**Task prompt:** Can you retype every record below exactly as written?

**Provided data:**
:::

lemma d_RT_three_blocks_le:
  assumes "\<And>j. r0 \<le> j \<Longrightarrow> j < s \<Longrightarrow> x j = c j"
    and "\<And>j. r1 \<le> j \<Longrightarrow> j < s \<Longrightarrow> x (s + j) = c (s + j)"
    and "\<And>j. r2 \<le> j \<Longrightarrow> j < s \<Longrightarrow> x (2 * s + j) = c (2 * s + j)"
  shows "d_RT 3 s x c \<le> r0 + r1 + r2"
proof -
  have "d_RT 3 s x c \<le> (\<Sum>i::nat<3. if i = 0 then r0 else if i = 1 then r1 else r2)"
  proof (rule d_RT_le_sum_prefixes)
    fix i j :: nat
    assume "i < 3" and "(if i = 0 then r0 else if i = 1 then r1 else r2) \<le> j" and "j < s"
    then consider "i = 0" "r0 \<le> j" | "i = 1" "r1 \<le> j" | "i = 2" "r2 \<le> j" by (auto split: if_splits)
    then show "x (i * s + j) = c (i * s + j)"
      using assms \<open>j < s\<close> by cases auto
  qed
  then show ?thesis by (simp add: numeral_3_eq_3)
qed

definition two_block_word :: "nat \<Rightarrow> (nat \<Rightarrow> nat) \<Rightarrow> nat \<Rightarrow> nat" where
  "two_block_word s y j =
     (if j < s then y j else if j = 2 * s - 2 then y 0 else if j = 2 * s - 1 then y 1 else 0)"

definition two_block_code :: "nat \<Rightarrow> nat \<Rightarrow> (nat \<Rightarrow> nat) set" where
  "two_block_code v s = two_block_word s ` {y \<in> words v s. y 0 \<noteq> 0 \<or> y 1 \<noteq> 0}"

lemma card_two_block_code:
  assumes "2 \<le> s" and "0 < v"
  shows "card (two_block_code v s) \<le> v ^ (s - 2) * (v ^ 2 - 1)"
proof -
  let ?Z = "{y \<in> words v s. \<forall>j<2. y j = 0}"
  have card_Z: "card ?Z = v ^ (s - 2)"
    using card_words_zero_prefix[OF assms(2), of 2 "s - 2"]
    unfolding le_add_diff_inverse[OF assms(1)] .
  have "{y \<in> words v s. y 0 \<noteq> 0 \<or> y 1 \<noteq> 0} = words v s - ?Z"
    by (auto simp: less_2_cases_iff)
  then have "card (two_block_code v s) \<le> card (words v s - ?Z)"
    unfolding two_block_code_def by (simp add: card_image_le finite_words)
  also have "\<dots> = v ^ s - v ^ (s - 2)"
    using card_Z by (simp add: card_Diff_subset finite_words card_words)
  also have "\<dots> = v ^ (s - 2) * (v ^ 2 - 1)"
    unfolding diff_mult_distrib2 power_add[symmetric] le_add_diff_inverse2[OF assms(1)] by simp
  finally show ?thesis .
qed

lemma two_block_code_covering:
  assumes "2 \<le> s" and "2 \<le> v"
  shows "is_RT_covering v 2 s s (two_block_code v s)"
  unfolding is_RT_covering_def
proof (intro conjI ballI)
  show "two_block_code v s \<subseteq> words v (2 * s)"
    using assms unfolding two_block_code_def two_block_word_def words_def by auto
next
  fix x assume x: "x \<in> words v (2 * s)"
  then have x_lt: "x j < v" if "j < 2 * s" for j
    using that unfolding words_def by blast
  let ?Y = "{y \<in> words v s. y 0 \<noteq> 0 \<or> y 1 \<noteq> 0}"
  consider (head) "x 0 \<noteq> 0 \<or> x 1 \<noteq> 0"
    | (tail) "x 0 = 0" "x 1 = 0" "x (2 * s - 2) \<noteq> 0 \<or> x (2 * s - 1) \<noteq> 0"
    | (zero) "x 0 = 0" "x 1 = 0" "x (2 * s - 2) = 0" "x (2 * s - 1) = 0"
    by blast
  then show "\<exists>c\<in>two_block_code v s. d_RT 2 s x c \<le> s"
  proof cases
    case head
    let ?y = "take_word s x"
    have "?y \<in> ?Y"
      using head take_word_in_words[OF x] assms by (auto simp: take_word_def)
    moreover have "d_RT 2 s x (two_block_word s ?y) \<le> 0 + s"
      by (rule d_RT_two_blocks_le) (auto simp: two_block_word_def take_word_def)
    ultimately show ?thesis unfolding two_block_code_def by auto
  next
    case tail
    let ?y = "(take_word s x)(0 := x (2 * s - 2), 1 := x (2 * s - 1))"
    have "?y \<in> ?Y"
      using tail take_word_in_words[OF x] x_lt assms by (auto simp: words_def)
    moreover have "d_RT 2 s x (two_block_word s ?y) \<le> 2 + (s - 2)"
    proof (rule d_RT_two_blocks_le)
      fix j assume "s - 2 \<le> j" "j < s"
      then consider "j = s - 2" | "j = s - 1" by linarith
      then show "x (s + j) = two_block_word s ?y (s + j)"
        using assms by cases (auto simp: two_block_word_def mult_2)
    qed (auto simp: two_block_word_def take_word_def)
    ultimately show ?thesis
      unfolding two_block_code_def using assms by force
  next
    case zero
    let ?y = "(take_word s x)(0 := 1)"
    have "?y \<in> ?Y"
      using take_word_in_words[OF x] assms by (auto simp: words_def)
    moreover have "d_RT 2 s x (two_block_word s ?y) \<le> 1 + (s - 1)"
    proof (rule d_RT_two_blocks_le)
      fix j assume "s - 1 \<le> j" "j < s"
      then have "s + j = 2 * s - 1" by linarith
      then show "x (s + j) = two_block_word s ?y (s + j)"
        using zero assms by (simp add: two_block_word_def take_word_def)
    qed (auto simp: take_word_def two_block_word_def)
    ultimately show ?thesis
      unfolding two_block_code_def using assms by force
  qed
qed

:::

**Expected answer:**
lemma d_RT_three_blocks_le:
  assumes "\<And>j. r0 \<le> j \<Longrightarrow> j < s \<Longrightarrow> x j = c j"
    and "\<And>j. r1 \<le> j \<Longrightarrow> j < s \<Longrightarrow> x (s + j) = c (s + j)"
    and "\<And>j. r2 \<le> j \<Longrightarrow> j < s \<Longrightarrow> x (2 * s + j) = c (2 * s + j)"
  shows "d_RT 3 s x c \<le> r0 + r1 + r2"
proof -
  have "d_RT 3 s x c \<le> (\<Sum>i::nat<3. if i = 0 then r0 else if i = 1 then r1 else r2)"
  proof (rule d_RT_le_sum_prefixes)
    fix i j :: nat
    assume "i < 3" and "(if i = 0 then r0 else if i = 1 then r1 else r2) \<le> j" and "j < s"
    then consider "i = 0" "r0 \<le> j" | "i = 1" "r1 \<le> j" | "i = 2" "r2 \<le> j" by (auto split: if_splits)
    then show "x (i * s + j) = c (i * s + j)"
      using assms \<open>j < s\<close> by cases auto
  qed
  then show ?thesis by (simp add: numeral_3_eq_3)
qed

definition two_block_word :: "nat \<Rightarrow> (nat \<Rightarrow> nat) \<Rightarrow> nat \<Rightarrow> nat" where
  "two_block_word s y j =
     (if j < s then y j else if j = 2 * s - 2 then y 0 else if j = 2 * s - 1 then y 1 else 0)"

definition two_block_code :: "nat \<Rightarrow> nat \<Rightarrow> (nat \<Rightarrow> nat) set" where
  "two_block_code v s = two_block_word s ` {y \<in> words v s. y 0 \<noteq> 0 \<or> y 1 \<noteq> 0}"

lemma card_two_block_code:
  assumes "2 \<le> s" and "0 < v"
  shows "card (two_block_code v s) \<le> v ^ (s - 2) * (v ^ 2 - 1)"
proof -
  let ?Z = "{y \<in> words v s. \<forall>j<2. y j = 0}"
  have card_Z: "card ?Z = v ^ (s - 2)"
    using card_words_zero_prefix[OF assms(2), of 2 "s - 2"]
    unfolding le_add_diff_inverse[OF assms(1)] .
  have "{y \<in> words v s. y 0 \<noteq> 0 \<or> y 1 \<noteq> 0} = words v s - ?Z"
    by (auto simp: less_2_cases_iff)
  then have "card (two_block_code v s) \<le> card (words v s - ?Z)"
    unfolding two_block_code_def by (simp add: card_image_le finite_words)
  also have "\<dots> = v ^ s - v ^ (s - 2)"
    using card_Z by (simp add: card_Diff_subset finite_words card_words)
  also have "\<dots> = v ^ (s - 2) * (v ^ 2 - 1)"
    unfolding diff_mult_distrib2 power_add[symmetric] le_add_diff_inverse2[OF assms(1)] by simp
  finally show ?thesis .
qed

lemma two_block_code_covering:
  assumes "2 \<le> s" and "2 \<le> v"
  shows "is_RT_covering v 2 s s (two_block_code v s)"
  unfolding is_RT_covering_def
proof (intro conjI ballI)
  show "two_block_code v s \<subseteq> words v (2 * s)"
    using assms unfolding two_block_code_def two_block_word_def words_def by auto
next
  fix x assume x: "x \<in> words v (2 * s)"
  then have x_lt: "x j < v" if "j < 2 * s" for j
    using that unfolding words_def by blast
  let ?Y = "{y \<in> words v s. y 0 \<noteq> 0 \<or> y 1 \<noteq> 0}"
  consider (head) "x 0 \<noteq> 0 \<or> x 1 \<noteq> 0"
    | (tail) "x 0 = 0" "x 1 = 0" "x (2 * s - 2) \<noteq> 0 \<or> x (2 * s - 1) \<noteq> 0"
    | (zero) "x 0 = 0" "x 1 = 0" "x (2 * s - 2) = 0" "x (2 * s - 1) = 0"
    by blast
  then show "\<exists>c\<in>two_block_code v s. d_RT 2 s x c \<le> s"
  proof cases
    case head
    let ?y = "take_word s x"
    have "?y \<in> ?Y"
      using head take_word_in_words[OF x] assms by (auto simp: take_word_def)
    moreover have "d_RT 2 s x (two_block_word s ?y) \<le> 0 + s"
      by (rule d_RT_two_blocks_le) (auto simp: two_block_word_def take_word_def)
    ultimately show ?thesis unfolding two_block_code_def by auto
  next
    case tail
    let ?y = "(take_word s x)(0 := x (2 * s - 2), 1 := x (2 * s - 1))"
    have "?y \<in> ?Y"
      using tail take_word_in_words[OF x] x_lt assms by (auto simp: words_def)
    moreover have "d_RT 2 s x (two_block_word s ?y) \<le> 2 + (s - 2)"
    proof (rule d_RT_two_blocks_le)
      fix j assume "s - 2 \<le> j" "j < s"
      then consider "j = s - 2" | "j = s - 1" by linarith
      then show "x (s + j) = two_block_word s ?y (s + j)"
        using assms by cases (auto simp: two_block_word_def mult_2)
    qed (auto simp: two_block_word_def take_word_def)
    ultimately show ?thesis
      unfolding two_block_code_def using assms by force
  next
    case zero
    let ?y = "(take_word s x)(0 := 1)"
    have "?y \<in> ?Y"
      using take_word_in_words[OF x] assms by (auto simp: words_def)
    moreover have "d_RT 2 s x (two_block_word s ?y) \<le> 1 + (s - 1)"
    proof (rule d_RT_two_blocks_le)
      fix j assume "s - 1 \<le> j" "j < s"
      then have "s + j = 2 * s - 1" by linarith
      then show "x (s + j) = two_block_word s ?y (s + j)"
        using zero assms by (simp add: two_block_word_def take_word_def)
    qed (auto simp: take_word_def two_block_word_def)
    ultimately show ?thesis
      unfolding two_block_code_def using assms by force
  qed
qed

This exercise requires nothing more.